As he was recovering, he would get yearly physicals through the fire department in addition to his endless medical appointments.

During those physicals, health care professionals began seeing a decline in his kidney function. The issue stems from PPIs, which are acid-suppressing drugs. For Preston, he has to take the medication due to the elaborate surgery he had while fighting esophageal cancer.

Preston has been put on the organ recipient list for Upstate Medical, which will take three years if no one steps up as a living donor directly.

“I don’t think I’ll be alive in three years,” expressed Preston.

This man who spent his life serving his community, now needs his community’s help in finding him an organ donor.

You can contact the Living Donor Coordinator with Upstate Medical by calling 315-464-5413.

If you’d like to see if you’re a match for Steve Preston, give them his name and birthdate, which is 5/31/1957.

The Chief of Transplant Services with Upstate Medical, Dr. Mark Laftavi, explains most healthy adults can donate a kidney.
He explained you will go through an evaluation, both medically and mentally, to see if you are fit as a match. At no point is there any penalty to you if you change your mind.

“Even if we’re rolling into the operating room, you can raise your hand and change your mind. We just stop there. There is certainly no pressure,” he said.

He also stressed that there is no financial obligation to the donor, everything is paid for by the recipient’s insurance.

He explained the procedure is simple, with a complication risk of less than two percent. Most patients can go home after a day or two.

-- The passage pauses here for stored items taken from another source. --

lemma norm_le_square_mean:
  fixes G :: "complex \<Rightarrow> complex"
  assumes hol: "G holomorphic_on UNIV" and d: "d > 0"
  shows "ennreal (cmod (G z))
      \<le> ennreal (8 / (pi * d\<^sup>2)) * (\<integral>\<^sup>+ w. indicator (closed_square z d) w * ennreal (cmod (G w)) \<partial>lborel)"
proof -
  have [measurable]: "G \<in> borel_measurable borel"
    using hol holomorphic_on_imp_continuous_on borel_measurable_continuous_onI by blast
  define F where "F = (\<lambda>x y. ennreal (cmod (G (z + Complex x y))))"
  have F_measurable [measurable]: "(\<lambda>(x, y). F x y) \<in> borel_measurable (lborel \<Otimes>\<^sub>M lborel)"
    unfolding F_def by measurable
  define I J :: "real \<Rightarrow> ennreal" where "I = indicator {d/2..d}" and "J = indicator {-d..d}"
  define hside vside where "hside = (\<lambda>t. \<integral>\<^sup>+ X. J X * F X t \<partial>lborel)"
    and "vside = (\<lambda>t. \<integral>\<^sup>+ X. J X * F t X \<partial>lborel)"
  have [measurable]: "I \<in> borel_measurable borel" "hside \<in> borel_measurable borel" "vside \<in> borel_measurable borel"
    unfolding I_def J_def hside_def vside_def by measurable
  define SQ where "SQ = (\<integral>\<^sup>+ x. \<integral>\<^sup>+ y. J x * J y * F x y \<partial>lborel \<partial>lborel)"
  have strips: "(\<integral>\<^sup>+ s. I s * hside (c * s) \<partial>lborel) \<le> SQ" "(\<integral>\<^sup>+ s. I s * vside (c * s) \<partial>lborel) \<le> SQ"
    if "\<bar>c\<bar> = 1" for c
    using nn_integral_strips_le_square[OF F_measurable that, of d]
    unfolding I_def J_def hside_def vside_def SQ_def by simp_all
  have pointwise: "ennreal (2 * pi * cmod (G z)) * I s
      \<le> ennreal (2 / d) * (I s * hside (-s) + I s * vside s + I s * hside s + I s * vside (-s))" for s
    using Cauchy_estimate_square_frame[OF hol _ d, of s z]
    by (cases "s \<in> {d/2..d}") (simp_all add: I_def J_def hside_def vside_def F_def)
  have "ennreal (2 * pi * cmod (G z)) * ennreal (d / 2) = (\<integral>\<^sup>+ s. ennreal (2 * pi * cmod (G z)) * I s \<partial>lborel)"
    unfolding I_def using d by (subst nn_integral_cmult_indicator) auto
  also have "\<dots> \<le> (\<integral>\<^sup>+ s. ennreal (2 / d) * (I s * hside (-s) + I s * vside s + I s * hside s + I s * vside (-s)) \<partial>lborel)"
    by (intro nn_integral_mono pointwise)
  also have "\<dots> = ennreal (2 / d) * ((\<integral>\<^sup>+ s. I s * hside (-1 * s) \<partial>lborel) + (\<integral>\<^sup>+ s. I s * vside (1 * s) \<partial>lborel)
      + (\<integral>\<^sup>+ s. I s * hside (1 * s) \<partial>lborel) + (\<integral>\<^sup>+ s. I s * vside (-1 * s) \<partial>lborel))"
    by (simp add: nn_integral_cmult nn_integral_add)
  also have "\<dots> \<le> ennreal (2 / d) * (SQ + SQ + SQ + SQ)"
    by (intro mult_left_mono add_mono strips) auto
  also have "SQ + SQ + SQ + SQ = (1 + 1 + 1 + 1) * SQ"
    by (simp only: distrib_right mult_1_left)
  also have "ennreal (2 / d) * ((1 + 1 + 1 + 1) * SQ) = ennreal (8 / d) * SQ"
    using ennreal_mult'[of "2 / d" 4] d by (simp add: mult.assoc[symmetric])
  finally have "ennreal (pi * d * cmod (G z)) \<le> ennreal (8 / d) * SQ"
    using d by (simp add: ennreal_mult'[symmetric] ennreal_mult[symmetric] mult_ac)
  then have "ennreal (1 / (pi * d)) * ennreal (pi * d * cmod (G z)) \<le> ennreal (1 / (pi * d)) * (ennreal (8 / d) * SQ)"
    by (rule mult_left_mono) simp
  moreover have "SQ = (\<integral>\<^sup>+ w. indicator (closed_square z d) w * ennreal (cmod (G w)) \<partial>lborel)"
    by (subst nn_integral_closed_square) (simp_all add: SQ_def J_def F_def)
  ultimately show ?thesis
    using d by (simp add: ennreal_mult[symmetric] mult.assoc[symmetric] power2_eq_square)
qed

In addition, a donor will be checked on a yearly basis.

He explained it is a policy that if the donor needs an organ donation at any time in their life, they will always be put at the top of the list.

“They did their gift to society, society recognizes that,” he said.

Even though it is a matter of life or death for Mr. Preston, the trained emergency responder continues to think of the other lives he could save by sharing his story.

And while his chosen career caused his current health predicament, he says he will never regret being a firefighter.